lemma obs_rhs_lipschitz:
  "norm (obs_rhs A B C D Cq E p L1 L2 x xh u - obs_rhs A B C D Cq E p L1 L2 x' xh' u')
    \<le> (matrix_opnorm A + matrix_opnorm E * Lp * matrix_opnorm Cq) * norm (xh - xh')
      + matrix_opnorm B * norm (u - u')
      + (matrix_opnorm E * Lp * matrix_opnorm L1 * matrix_opnorm C + matrix_opnorm L2 * matrix_opnorm C)
        * (norm (x - x') + norm (xh - xh'))"
proof -
  let ?q = "Cq *v xh + L1 *v (C *v (xh - x))" and ?q' = "Cq *v xh' + L1 *v (C *v (xh' - x'))"
  have d: "norm ((xh - x) - (xh' - x')) \<le> norm (x - x') + norm (xh - xh')"
    using norm_triangle_ineq4[of "xh - xh'" "x - x'"] by (simp add: algebra_simps)
  have "norm (?q - ?q') \<le> norm (Cq *v xh - Cq *v xh') + norm (L1 *v (C *v (xh - x)) - L1 *v (C *v (xh' - x')))"
    using norm_triangle_ineq[of "Cq *v xh - Cq *v xh'" "L1 *v (C *v (xh - x)) - L1 *v (C *v (xh' - x'))"]
    by (simp add: algebra_simps)
  also have "\<dots> \<le> matrix_opnorm Cq * norm (xh - xh')
      + matrix_opnorm L1 * matrix_opnorm C * (norm (x - x') + norm (xh - xh'))"
    using norm_matrix_vector_diff_le[of Cq xh xh'] norm_matrix_vector_comp_diff_le[of L1 C "xh - x" "xh' - x'"]
      mult_left_mono[OF d, of "matrix_opnorm L1 * matrix_opnorm C"]
      matrix_opnorm_nonneg[of L1] matrix_opnorm_nonneg[of C]
    by simp
  finally have q: "norm (?q - ?q') \<le> \<dots>" .
  have "norm (E *v p ?q - E *v p ?q') \<le> matrix_opnorm E * Lp * norm (?q - ?q')"
    using norm_matrix_vector_lipschitz_diff_le[OF p_lipschitz] by (simp add: dist_norm)
  also have "\<dots> \<le> matrix_opnorm E * Lp * (matrix_opnorm Cq * norm (xh - xh')
      + matrix_opnorm L1 * matrix_opnorm C * (norm (x - x') + norm (xh - xh')))"
    using q Lp_nonneg matrix_opnorm_nonneg[of E] by (intro mult_left_mono) auto
  finally have Ep: "norm (E *v p ?q - E *v p ?q') \<le> \<dots>" .
  have L2C: "norm (L2 *v (C *v (xh - x)) - L2 *v (C *v (xh' - x')))
      \<le> matrix_opnorm L2 * matrix_opnorm C * (norm (x - x') + norm (xh - xh'))"
    using norm_matrix_vector_comp_diff_le[of L2 C "xh - x" "xh' - x'"]
      mult_left_mono[OF d, of "matrix_opnorm L2 * matrix_opnorm C"]
      matrix_opnorm_nonneg[of L2] matrix_opnorm_nonneg[of C]
    by simp
  have eq: "obs_rhs A B C D Cq E p L1 L2 x xh u - obs_rhs A B C D Cq E p L1 L2 x' xh' u'
      = (A *v xh - A *v xh') + (B *v u - B *v u') + (E *v p ?q - E *v p ?q')
        + (L2 *v (C *v (xh - x)) - L2 *v (C *v (xh' - x')))"
    by (simp add: obs_rhs_eq algebra_simps)
  have rhs: "(matrix_opnorm A + matrix_opnorm E * Lp * matrix_opnorm Cq) * norm (xh - xh')
      + matrix_opnorm B * norm (u - u')
      + (matrix_opnorm E * Lp * matrix_opnorm L1 * matrix_opnorm C + matrix_opnorm L2 * matrix_opnorm C)
        * (norm (x - x') + norm (xh - xh'))
    = matrix_opnorm A * norm (xh - xh') + matrix_opnorm B * norm (u - u')
      + matrix_opnorm E * Lp * (matrix_opnorm Cq * norm (xh - xh')
        + matrix_opnorm L1 * matrix_opnorm C * (norm (x - x') + norm (xh - xh')))
      + matrix_opnorm L2 * matrix_opnorm C * (norm (x - x') + norm (xh - xh'))"
    by (simp add: algebra_simps)
  show ?thesis
    unfolding eq rhs
    using norm_add4_le[of "A *v xh - A *v xh'" "B *v u - B *v u'" "E *v p ?q - E *v p ?q'"
        "L2 *v (C *v (xh - x)) - L2 *v (C *v (xh' - x'))"]
      norm_matrix_vector_diff_le[of A xh xh'] norm_matrix_vector_diff_le[of B u u'] Ep L2C
    by linarith
qed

= = = =

**What you should do**
Copy out each line carrying the string "dots" from the data.

**Exercise result**
  also have "\<dots> \<le> matrix_opnorm Cq * norm (xh - xh')
  finally have q: "norm (?q - ?q') \<le> \<dots>" .
  also have "\<dots> \<le> matrix_opnorm E * Lp * (matrix_opnorm Cq * norm (xh - xh')
  finally have Ep: "norm (E *v p ?q - E *v p ?q') \<le> \<dots>" .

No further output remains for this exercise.